On Investments, Japan, R&D and Capital Markets

I was listening to one of  Jesper Koll’s talks in which he’s trying to sell Japan to global investors. His arguments, which include the creation of a new middle-class in Japan, an extremely asset-rich and liability-free layer of senior citizens and expertise in high-tech manufacturing, are all very persuasive arguments.

But one of his comments struck me as being odd – “You don’t invest in a country, you invest in its companies”.

While that does sound logical, it implies that the only way to invest in a country is through its capital markets – a thing that might be true for Japan but not true for many other markets – including almost all of the emerging markets.

In fact, if anything, Japan (through its companies) is probably one of the biggest investors in countries like India and China – directly setting up manufacturing plants across these countries and being one of the top foreign direct investors in numerous regions.

Which leads me to the conclusion that perhaps Koll’s comment is more of an exception – and one quite applicable to Japan – rather than the rule. Japan’s history of not opening itself up to the world till the Meiji-era has had a big role to play in this and, even during its economic hey-day during the 1980s, it was a very poor market for foreign exporters (barring luxury goods, tourism and raw materials).

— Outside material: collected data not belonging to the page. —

text \<open>Neighbours not deeper than \<open>v\<close> have depth at least \<open>depth v - 1\<close>, which is \<open>0\<close> for a cycle
  vertex by truncated subtraction.\<close>

lemma A_alpha_level_row_le:
  fixes f :: "nat \<Rightarrow> real" and \<alpha> :: real and m n :: nat
  assumes "0 \<le> \<alpha>" "\<alpha> \<le> 1" "antimono f" "\<And>j. 0 \<le> f j" "degree E v \<le> n"
    "card {u. E v u \<and> depth u \<le> depth v} \<le> m" "m \<le> n"
  shows "(A_alpha \<alpha> E *v (\<chi> u. f (depth u))) $ v
    \<le> \<alpha> * n * f (depth v) + (1 - \<alpha>) * (m * f (depth v - 1) + (real n - m) * f (Suc (depth v)))"
proof -
  define S where "S = {u. E v u \<and> depth u \<le> depth v}"
  define D where "D = {u. E v u} - S"
  have N: "{u. E v u} = S \<union> D" "S \<inter> D = {}" by (auto simp: S_def D_def)
  have "(\<Sum>u\<in>S. f (depth u)) \<le> card S * f (depth v - 1)"
  proof (rule sum_bounded_above)
    fix u assume "u \<in> S"
    then have "depth v \<le> Suc (depth u)" using depth_adjacent adjacent_sym by (auto simp: S_def)
    then show "f (depth u) \<le> f (depth v - 1)" using assms(3) by (simp add: antimono_def)
  qed
  moreover have "(\<Sum>u\<in>D. f (depth u)) = card D * f (Suc (depth v))"
  proof -
    have "depth u = Suc (depth v)" if "u \<in> D" for u
      using that depth_adjacent[of v u] by (auto simp: S_def D_def)
    then show ?thesis by simp
  qed
  ultimately have "(\<Sum>u | E v u. f (depth u)) \<le> card S * f (depth v - 1) + card D * f (Suc (depth v))"
    by (simp add: N sum.union_disjoint)
  also have "\<dots> \<le> m * f (depth v - 1) + (real n - m) * f (Suc (depth v))"
  proof (rule weighted_count_le)
    have "card S + card D = degree E v"
      unfolding degree_def N by (simp add: card_Un_disjoint N(2))
    then show "real (card S) + real (card D) \<le> real n" using assms(5) by linarith
    show "f (Suc (depth v)) \<le> f (depth v - 1)" using assms(3) by (simp add: antimono_def)
  qed (use assms S_def in auto)
  finally have "(1 - \<alpha>) * (\<Sum>u | E v u. f (depth u))
      \<le> (1 - \<alpha>) * (m * f (depth v - 1) + (real n - m) * f (Suc (depth v)))"
    using assms(2) by (intro mult_left_mono) auto
  moreover have "\<alpha> * real (degree E v) * f (depth v) \<le> \<alpha> * n * f (depth v)"
    using assms by (intro mult_right_mono mult_left_mono) auto
  ultimately show ?thesis by (simp add: A_alpha_mult_vec)
qed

While that has subsequently changed a bit with Japan now importing capital goods (such as machinery – and even much of that is a re-import of stuff produced by Japanese JVs in other countries), you’d scarcely find manufacturing plants belonging to foreign multinationals in the country (this, of course, isn’t true for the services sector).

However, Koll’s point does highlight an important feature of well-functioning capital markets – that it allows investors to get exposure to the upside of domestic companies – something a capital-starved country like India could definitely do with.

There is a complementary feature within the Japanese private sector that encourages foreign investors to take such an exposure – the bulk of R&D spending in Japan is performed by the private sector. (At 3.4% of GDP, this figure is higher than that of the US and is surpassed just by Korea and Israel – whose capital markets are much shallower than that of Japan).

Compare that with India – where the bulk of R&D spending is done by the government – the upside of which isn’t really available to investors. The Indian private sector must take the lead in doing credible research to attract capital flows – there are severe impediments to this currently – but, nevertheless, it is the way forward if India is to ever attract capital at the same scale as any of the developed markets.

(In fact I consider the current VC-funded startup boom in India as a reflection of this. It is currently more about risky D than R, as implementation and execution is key in the Indian markets – however, R cannot be that far behind).